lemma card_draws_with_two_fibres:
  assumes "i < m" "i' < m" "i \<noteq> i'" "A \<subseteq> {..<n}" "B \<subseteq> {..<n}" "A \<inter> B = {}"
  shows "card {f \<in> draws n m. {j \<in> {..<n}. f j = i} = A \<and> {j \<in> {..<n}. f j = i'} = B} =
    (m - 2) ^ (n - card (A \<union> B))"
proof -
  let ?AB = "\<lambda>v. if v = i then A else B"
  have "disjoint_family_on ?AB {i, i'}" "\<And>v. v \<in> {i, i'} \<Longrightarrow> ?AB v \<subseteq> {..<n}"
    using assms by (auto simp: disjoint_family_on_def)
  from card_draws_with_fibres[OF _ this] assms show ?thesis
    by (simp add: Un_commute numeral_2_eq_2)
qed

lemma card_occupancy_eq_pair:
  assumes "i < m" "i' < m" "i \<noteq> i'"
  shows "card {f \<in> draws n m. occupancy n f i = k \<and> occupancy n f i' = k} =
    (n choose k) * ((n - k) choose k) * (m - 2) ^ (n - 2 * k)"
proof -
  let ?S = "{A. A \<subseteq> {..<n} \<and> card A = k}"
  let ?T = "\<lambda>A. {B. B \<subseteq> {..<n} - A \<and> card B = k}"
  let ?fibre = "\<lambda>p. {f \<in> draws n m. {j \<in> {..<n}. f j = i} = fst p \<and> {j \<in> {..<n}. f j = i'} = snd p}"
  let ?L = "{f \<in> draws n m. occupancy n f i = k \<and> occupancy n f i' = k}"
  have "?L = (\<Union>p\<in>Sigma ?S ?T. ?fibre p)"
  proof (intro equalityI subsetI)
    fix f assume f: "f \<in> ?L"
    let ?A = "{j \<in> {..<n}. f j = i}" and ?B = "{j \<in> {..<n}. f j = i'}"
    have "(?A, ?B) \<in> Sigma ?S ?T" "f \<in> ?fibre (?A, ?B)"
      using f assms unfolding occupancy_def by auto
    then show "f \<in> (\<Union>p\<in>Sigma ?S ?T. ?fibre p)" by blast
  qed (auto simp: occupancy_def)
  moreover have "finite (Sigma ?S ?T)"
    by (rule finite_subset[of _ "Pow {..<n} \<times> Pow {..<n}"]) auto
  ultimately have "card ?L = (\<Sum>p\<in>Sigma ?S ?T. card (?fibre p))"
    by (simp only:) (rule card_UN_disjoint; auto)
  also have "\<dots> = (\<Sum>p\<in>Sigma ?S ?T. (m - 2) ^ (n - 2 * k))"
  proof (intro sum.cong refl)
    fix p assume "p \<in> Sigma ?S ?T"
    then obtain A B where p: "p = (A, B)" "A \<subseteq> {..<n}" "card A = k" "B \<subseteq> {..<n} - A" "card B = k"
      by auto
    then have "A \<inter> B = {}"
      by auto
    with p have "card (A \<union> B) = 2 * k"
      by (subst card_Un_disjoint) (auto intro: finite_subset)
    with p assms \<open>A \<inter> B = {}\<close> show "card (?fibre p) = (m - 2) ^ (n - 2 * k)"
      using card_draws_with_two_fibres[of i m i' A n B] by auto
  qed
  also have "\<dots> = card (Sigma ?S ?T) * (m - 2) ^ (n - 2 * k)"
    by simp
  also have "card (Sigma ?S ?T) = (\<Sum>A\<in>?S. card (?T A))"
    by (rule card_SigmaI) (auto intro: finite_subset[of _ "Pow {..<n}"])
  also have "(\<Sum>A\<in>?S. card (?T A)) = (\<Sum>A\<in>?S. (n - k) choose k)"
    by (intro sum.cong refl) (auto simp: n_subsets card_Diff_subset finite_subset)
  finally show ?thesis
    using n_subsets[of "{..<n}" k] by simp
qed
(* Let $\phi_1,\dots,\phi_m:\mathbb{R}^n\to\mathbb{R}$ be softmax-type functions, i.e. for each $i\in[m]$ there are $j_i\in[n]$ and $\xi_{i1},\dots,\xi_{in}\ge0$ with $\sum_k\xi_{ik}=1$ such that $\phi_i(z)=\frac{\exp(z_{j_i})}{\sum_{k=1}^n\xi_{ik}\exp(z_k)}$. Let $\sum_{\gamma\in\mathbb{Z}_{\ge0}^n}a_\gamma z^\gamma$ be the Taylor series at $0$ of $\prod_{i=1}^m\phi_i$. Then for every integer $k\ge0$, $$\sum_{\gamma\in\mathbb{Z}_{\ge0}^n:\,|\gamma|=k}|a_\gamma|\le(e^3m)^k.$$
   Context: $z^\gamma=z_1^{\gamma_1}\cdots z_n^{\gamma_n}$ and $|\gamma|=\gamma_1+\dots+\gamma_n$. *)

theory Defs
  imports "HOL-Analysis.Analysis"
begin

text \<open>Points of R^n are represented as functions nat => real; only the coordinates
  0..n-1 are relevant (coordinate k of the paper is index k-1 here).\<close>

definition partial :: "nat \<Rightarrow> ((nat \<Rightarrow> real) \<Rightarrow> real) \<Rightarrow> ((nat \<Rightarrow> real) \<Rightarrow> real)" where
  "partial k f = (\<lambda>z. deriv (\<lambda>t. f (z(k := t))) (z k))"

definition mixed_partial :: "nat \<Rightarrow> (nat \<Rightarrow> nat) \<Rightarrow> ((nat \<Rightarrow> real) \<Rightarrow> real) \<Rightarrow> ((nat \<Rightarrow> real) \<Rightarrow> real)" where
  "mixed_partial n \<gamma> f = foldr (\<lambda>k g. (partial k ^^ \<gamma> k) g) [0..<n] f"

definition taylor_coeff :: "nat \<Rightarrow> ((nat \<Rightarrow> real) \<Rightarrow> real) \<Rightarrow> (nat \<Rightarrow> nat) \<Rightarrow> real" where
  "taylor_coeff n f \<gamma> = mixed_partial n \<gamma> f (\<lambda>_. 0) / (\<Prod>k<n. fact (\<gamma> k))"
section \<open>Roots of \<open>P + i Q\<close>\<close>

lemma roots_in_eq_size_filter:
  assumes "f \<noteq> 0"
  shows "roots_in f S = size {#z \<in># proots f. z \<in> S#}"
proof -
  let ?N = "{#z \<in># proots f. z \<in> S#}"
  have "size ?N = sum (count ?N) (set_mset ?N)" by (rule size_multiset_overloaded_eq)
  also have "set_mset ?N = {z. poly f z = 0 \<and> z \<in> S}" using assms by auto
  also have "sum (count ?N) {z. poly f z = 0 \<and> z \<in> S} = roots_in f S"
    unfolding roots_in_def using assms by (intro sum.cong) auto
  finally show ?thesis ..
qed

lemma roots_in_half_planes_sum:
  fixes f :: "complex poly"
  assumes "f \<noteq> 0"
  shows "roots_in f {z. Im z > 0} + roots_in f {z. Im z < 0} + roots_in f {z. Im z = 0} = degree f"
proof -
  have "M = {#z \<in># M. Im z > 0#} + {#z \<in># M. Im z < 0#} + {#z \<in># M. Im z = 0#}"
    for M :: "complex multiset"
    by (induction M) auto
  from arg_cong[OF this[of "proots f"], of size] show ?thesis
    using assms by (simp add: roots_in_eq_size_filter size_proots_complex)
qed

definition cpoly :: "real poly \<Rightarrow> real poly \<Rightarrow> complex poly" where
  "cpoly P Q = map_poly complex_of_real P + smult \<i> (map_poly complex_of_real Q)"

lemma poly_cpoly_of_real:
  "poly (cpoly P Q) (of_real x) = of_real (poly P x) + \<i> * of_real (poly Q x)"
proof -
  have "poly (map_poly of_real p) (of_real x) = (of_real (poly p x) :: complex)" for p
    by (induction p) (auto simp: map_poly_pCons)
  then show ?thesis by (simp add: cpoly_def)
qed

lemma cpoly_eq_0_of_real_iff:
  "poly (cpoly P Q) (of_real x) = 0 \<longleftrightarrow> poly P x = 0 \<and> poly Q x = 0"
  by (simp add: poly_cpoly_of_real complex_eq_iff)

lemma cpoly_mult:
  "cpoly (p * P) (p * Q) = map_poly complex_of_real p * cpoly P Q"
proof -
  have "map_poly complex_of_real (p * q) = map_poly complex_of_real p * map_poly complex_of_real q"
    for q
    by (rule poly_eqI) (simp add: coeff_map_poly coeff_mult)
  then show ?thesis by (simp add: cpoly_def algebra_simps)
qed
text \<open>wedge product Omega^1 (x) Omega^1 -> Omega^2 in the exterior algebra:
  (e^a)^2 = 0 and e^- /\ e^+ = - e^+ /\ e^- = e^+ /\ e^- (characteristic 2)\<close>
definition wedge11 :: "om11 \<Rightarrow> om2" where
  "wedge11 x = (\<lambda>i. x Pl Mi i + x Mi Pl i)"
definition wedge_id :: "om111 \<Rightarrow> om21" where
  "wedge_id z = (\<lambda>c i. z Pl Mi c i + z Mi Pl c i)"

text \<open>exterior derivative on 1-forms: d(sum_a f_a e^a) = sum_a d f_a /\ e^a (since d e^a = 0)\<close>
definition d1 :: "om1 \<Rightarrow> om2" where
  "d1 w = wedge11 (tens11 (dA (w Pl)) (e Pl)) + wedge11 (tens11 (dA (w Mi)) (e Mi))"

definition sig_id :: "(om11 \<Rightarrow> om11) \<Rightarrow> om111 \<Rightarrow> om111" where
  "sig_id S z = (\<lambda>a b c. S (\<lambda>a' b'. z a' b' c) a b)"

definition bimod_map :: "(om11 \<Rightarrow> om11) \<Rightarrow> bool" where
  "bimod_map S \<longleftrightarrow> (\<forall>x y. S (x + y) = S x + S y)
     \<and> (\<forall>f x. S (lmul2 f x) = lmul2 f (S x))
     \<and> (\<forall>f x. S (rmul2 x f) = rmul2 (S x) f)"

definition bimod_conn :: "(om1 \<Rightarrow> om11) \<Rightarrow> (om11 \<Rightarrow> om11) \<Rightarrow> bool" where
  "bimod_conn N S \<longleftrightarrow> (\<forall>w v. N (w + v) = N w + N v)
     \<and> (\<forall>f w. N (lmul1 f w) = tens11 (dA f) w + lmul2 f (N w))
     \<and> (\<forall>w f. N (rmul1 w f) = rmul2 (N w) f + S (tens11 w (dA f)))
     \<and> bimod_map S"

• • • • •

:: WHAT IS EXPECTED ::
Search the records for the word "only" and return every line that holds it.

:: RESULT OF THE EXERCISE ::
    by (simp only:) (rule card_UN_disjoint; auto)
text \<open>Points of R^n are represented as functions nat => real; only the coordinates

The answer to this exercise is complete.